=== Record excerpts ===

lemma link_bound_trickle_down:
  assumes face: "\<tau> \<in> X" and two_le_codim: "card \<tau> + 2 \<le> d" and connected: "skel_connected (link X \<tau>)"
    and "\<mu> < 1" and cofaces: "\<And>x. insert x \<tau> \<in> X \<Longrightarrow> x \<notin> \<tau> \<Longrightarrow> link_bound (insert x \<tau>) \<mu>"
  shows "link_bound \<tau> (\<mu> / (1 - \<mu>))"
proof -
  interpret connected_link X d P \<tau>
    using face two_le_codim connected by unfold_locales auto
  have "link_bound (insert x \<tau>) \<mu>" if "x \<in> ground - \<tau>" for x
    using cofaces that mass_eq_0 link_bound_if_mass_eq_0 by (cases "insert x \<tau> \<in> X") auto
  then show ?thesis
    using garland_local_inequality[OF finite_tau two_le_codim] \<open>\<mu> < 1\<close>
    by (intro link_bound_of_local_inequality) blast+
qed

lemma link_bound_of_top_links:
  fixes lam :: real
  assumes "0 < lam"
    and connected: "\<forall>\<tau>\<in>X. card \<tau> + 1 \<le> d \<longrightarrow> skel_connected (link X \<tau>)"
    and top: "\<forall>\<tau>\<in>X. card \<tau> + 1 = d \<longrightarrow>
       lambda2 (link X \<tau>) (d - card \<tau>) (link_dist X d P \<tau>) \<le> lam / (1 + (d - 1) * lam)"
  shows "\<tau> \<in> X \<Longrightarrow> card \<tau> + 1 \<le> d \<Longrightarrow> link_bound \<tau> (lam / (1 + real (card \<tau>) * lam))"
proof (induction "d - (card \<tau> + 1)" arbitrary: \<tau>)
  case 0
  then have top_face: "card \<tau> + 1 = d" by simp
  interpret connected_link X d P \<tau> using 0 connected by unfold_locales auto
  have "lambda2 (link X \<tau>) (d - card \<tau>) (link_dist X d P \<tau>) \<le> lam / (1 + real (d - 1) * lam)"
    using top 0 top_face by blast
  moreover have "d - 1 = card \<tau>" using top_face by simp
  ultimately show ?case unfolding lambda2_le_iff_link_bound[symmetric] by simp
next
  case (Suc m)
  have "lam / (1 + real (Suc (card \<tau>)) * lam) < 1" using \<open>0 < lam\<close> by (simp add: algebra_simps add_pos_nonneg)
  moreover have "link_bound (insert x \<tau>) (lam / (1 + real (Suc (card \<tau>)) * lam))"
    if "insert x \<tau> \<in> X" "x \<notin> \<tau>" for x
    using Suc.hyps(1)[of "insert x \<tau>"] Suc.hyps(2) Suc.prems that finite_face by simp
  ultimately have "link_bound \<tau> (lam / (1 + real (Suc (card \<tau>)) * lam)
      / (1 - lam / (1 + real (Suc (card \<tau>)) * lam)))"
    using Suc connected by (intro link_bound_trickle_down) auto
  then show ?case unfolding trickle_down_ratio[OF \<open>0 < lam\<close>] .
qed

end

theorem mainTheorem3:
  fixes X :: "'a set set" and d :: nat and P :: "'a set \<Rightarrow> real" and lam :: real
  assumes "weighted_complex X d P"
    and "d \<ge> 2"
    and "0 < lam" and "lam \<le> 1"
    and "\<forall>\<tau>\<in>X. card \<tau> + 1 \<le> d \<longrightarrow> skel_connected (link X \<tau>)"
    and "\<forall>\<tau>\<in>X. card \<tau> + 1 = d \<longrightarrow>
           lambda2 (link X \<tau>) (d - card \<tau>) (link_dist X d P \<tau>) \<le> lam / (1 + (d - 1) * lam)"
  shows "local_spectral_expander X d P lam"
  unfolding local_spectral_expander_def
proof (intro ballI impI conjI)
  interpret weighted_pure_complex X d P by unfold_locales fact
  fix \<tau> assume face: "\<tau> \<in> X" and codim: "card \<tau> + 1 \<le> d"
  show connected: "skel_connected (link X \<tau>)" using assms(5) face codim by blast
  interpret connected_link X d P \<tau> using face codim connected by unfold_locales
  have "link_bound \<tau> (lam / (1 + real (card \<tau>) * lam))"
    using link_bound_of_top_links[OF assms(3,5,6) face codim] .
  then have "lambda2 (link X \<tau>) (d - card \<tau>) (link_dist X d P \<tau>) \<le> lam / (1 + real (card \<tau>) * lam)"
    using lambda2_le_iff_link_bound by blast
  also have "\<dots> \<le> lam" using assms(3) by (simp add: divide_le_eq add_pos_nonneg)
  finally show "lambda2 (link X \<tau>) (d - card \<tau>) (link_dist X d P \<tau>) \<le> lam" .
qed

end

===

=== Exercise description ===
Reproduce only the lines from the top of the material through the one bearing "case (Suc m)", each exactly as it stands.

=== Exercise answer ===
lemma link_bound_trickle_down:
  assumes face: "\<tau> \<in> X" and two_le_codim: "card \<tau> + 2 \<le> d" and connected: "skel_connected (link X \<tau>)"
    and "\<mu> < 1" and cofaces: "\<And>x. insert x \<tau> \<in> X \<Longrightarrow> x \<notin> \<tau> \<Longrightarrow> link_bound (insert x \<tau>) \<mu>"
  shows "link_bound \<tau> (\<mu> / (1 - \<mu>))"
proof -
  interpret connected_link X d P \<tau>
    using face two_le_codim connected by unfold_locales auto
  have "link_bound (insert x \<tau>) \<mu>" if "x \<in> ground - \<tau>" for x
    using cofaces that mass_eq_0 link_bound_if_mass_eq_0 by (cases "insert x \<tau> \<in> X") auto
  then show ?thesis
    using garland_local_inequality[OF finite_tau two_le_codim] \<open>\<mu> < 1\<close>
    by (intro link_bound_of_local_inequality) blast+
qed

lemma link_bound_of_top_links:
  fixes lam :: real
  assumes "0 < lam"
    and connected: "\<forall>\<tau>\<in>X. card \<tau> + 1 \<le> d \<longrightarrow> skel_connected (link X \<tau>)"
    and top: "\<forall>\<tau>\<in>X. card \<tau> + 1 = d \<longrightarrow>
       lambda2 (link X \<tau>) (d - card \<tau>) (link_dist X d P \<tau>) \<le> lam / (1 + (d - 1) * lam)"
  shows "\<tau> \<in> X \<Longrightarrow> card \<tau> + 1 \<le> d \<Longrightarrow> link_bound \<tau> (lam / (1 + real (card \<tau>) * lam))"
proof (induction "d - (card \<tau> + 1)" arbitrary: \<tau>)
  case 0
  then have top_face: "card \<tau> + 1 = d" by simp
  interpret connected_link X d P \<tau> using 0 connected by unfold_locales auto
  have "lambda2 (link X \<tau>) (d - card \<tau>) (link_dist X d P \<tau>) \<le> lam / (1 + real (d - 1) * lam)"
    using top 0 top_face by blast
  moreover have "d - 1 = card \<tau>" using top_face by simp
  ultimately show ?case unfolding lambda2_le_iff_link_bound[symmetric] by simp
next
  case (Suc m)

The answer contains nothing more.